This article is part of our series, the ‘Great Indian Manufacturing’, in which we will reveal the historic success stories behind pioneering swadeshi items and brands that generations of Indians have loved through decades.
I was never very keen on visiting relatives.
The forcefully tight embraces that squeezed the life out of you and the dramatic display of love by pinching the cheeks till you squirm in pain—are integral parts of the annual visits to the extended family and friends—an event I dread even today.
However, like most things in life, there was one exception.
As far as my childhood memories would stretch, there was but one condition that my wide-eyed younger self would eagerly await when visiting a certain aunt—a tray of glasses filled with a crimson welcome that filled my soul with joy.
A few drops in still water, a twirl or two, and the rosy sweet wonder of refreshment was ready to titillate your senses into pure bliss.
That is how I remember the drink that travels back to the pages of my childhood—Rooh Afza.
As the world twirls into a frenzy on reports of its alleged disappearance from Indian markets, let’s rewind to see how this humble crimson-tinted syrup from Pakistan made its way into a million hearts in India.
An Elixir of the Soul
A concoction of herbs, fruits, flowers, vegetables and roots, Rooh Afza contains an array of natural ingredients like khurfa seeds (purslane), mint, grapes, carrots, watermelons, oranges, a touch of khus khus (poppy seeds), coriander, spinach, lotus, two kinds of lilies, keora, and finally, damask roses—all blend to perfection to create a ruby-tinted tonic. Over the years, this tonic found its popularity as a refreshment.
“When the motor car was on its way in and the horse buggy on its way out, Sharbat Rooh Afza was there,” an old newspaper ad would state.
Invented in 1907 by a practitioner of Unani and herbal medicine, Hakim Abdul Majeed, Rooh Afza (Persian for ‘Soothing to the Soul’) bears testimony to success, pain, loss and rebirth.
What was invented as a medicine in a small shop called Hamdard (meaning ‘close companion’ or ‘sympathiser in pain’) in the by-lanes of old Delhi, had become a sensation and a household name.
Just two tablespoons of the scarlet syrup into a glass of cool milk or plain water would be refreshing enough to bid adieu to the scorching heat of the city or even the sweltering winds in the desert.
Packed in a wine bottle and wrapped in labels designed by artist Mirza Noor Ahmad and printed by Bolton Press of the Parsees of Bombay (Mumbai), it had a prosperous 40-year run, travelling as far as Afghanistan, until the call of Partition.

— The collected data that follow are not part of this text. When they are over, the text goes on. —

(* Let \[ r=\frac{1}{4} \left( -1 + \sqrt{33} - \sqrt{2 \left(9 - \sqrt{33} \right)} \right). \] Then \[ 3 \operatorname{Li}_{2}(r^6) + 3 \operatorname{Li}_{2}(r^4) - 8 \operatorname{Li}_{2}(r^3) - 33 \operatorname{Li}_{2}(r^2) + 24 \operatorname{Li}_{2}(r) - \zeta(2) = 6 \log^2(r). \]
   Context: $\operatorname{Li}_2(x)=\sum_{n\ge1}x^n/n^2$ is the dilogarithm and $\zeta(2)=\pi^2/6$. *)

theory Defs
  imports "HOL-Analysis.Analysis"
begin

definition Li2 :: "real \<Rightarrow> real" where
  "Li2 x = (\<Sum>n. x ^ Suc n / (real (Suc n))\<^sup>2)"

definition zeta2 :: real where
  "zeta2 = pi\<^sup>2 / 6"

end

(* The Rogers dilogarithm L(x) = Li2(x) + ln x ln(1 - x) / 2 satisfies, on (0,1), the reflection
   L(x) + L(1 - x) = pi^2/6 and Abel's five-term relation; both follow by differentiating in one
   variable and letting it tend to 0.
   The number r is the root in (0,1) of x^4 + x^3 - 6x^2 + x + 1, i.e. r + 1/r = (sqrt 33 - 1)/2.
   Thirty reflections and fifty-eight five-term relations, with all arguments in Q(r) and checked by
   arithmetic modulo the quartic, combine to 3 L(r^6) + 3 L(r^4) - 8 L(r^3) - 33 L(r^2) + 24 L(r) = pi^2/6.
   Going back to Li2, the correction terms ln(r^k) ln(1 - r^k) add up to 6 ln^2 r because of the
   multiplicative relation r^2 (1 - r^6)^3 (1 - r^4)^2 (1 - r)^4 = (1 - r^3)^4 (1 - r^2)^11. *)

theory Submission
  imports Defs "HOL-Real_Asymp.Real_Asymp"
begin

section \<open>The dilogarithm and the Rogers dilogarithm\<close>

lemma power_div_Suc_sums:
  fixes x :: real
  assumes "x \<noteq> 0" "\<bar>x\<bar> < 1"
  shows "(\<lambda>n. x ^ n / real (Suc n)) sums (- ln (1 - x) / x)"
proof -
  have "(\<lambda>n. - ((- (- x)) ^ n) / real n) sums ln (1 + - x)"
    by (rule ln_series') (use assms in simp)
  hence "(\<lambda>n. - (x ^ Suc n) / real (Suc n)) sums ln (1 - x)"
    by (subst sums_Suc_iff) simp
  hence "(\<lambda>n. - (x ^ Suc n) / real (Suc n) / (- x)) sums (ln (1 - x) / (- x))"
    by (rule sums_divide)
  thus ?thesis
    using assms(1) by (simp add: field_simps del: of_nat_Suc)
qed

“God’s carotid burst open on the new border between India and Pakistan and a million people died of hatred. Neighbours turned on each other as though they’d never known each other, never been to each other’s weddings, never sung each other’s songs. The walled city broke open. Old families fled (Muslim). New ones arrived (Hindu) and settled around the city walls. Rooh Afza had a serious setback, but soon recovered and opened a branch in Pakistan. A quarter of a century later, after the holocaust in East Pakistan, it opened another branch in the brand-new country of Bangladesh,” writes Arundhati Roy in her 2017 book, The Ministry of Utmost Happiness.
The resurrection of Indo-Pak Hamdard(ee)
Stories of separation during the partition had become commonplace. Abdul Majeed’s family was no exception.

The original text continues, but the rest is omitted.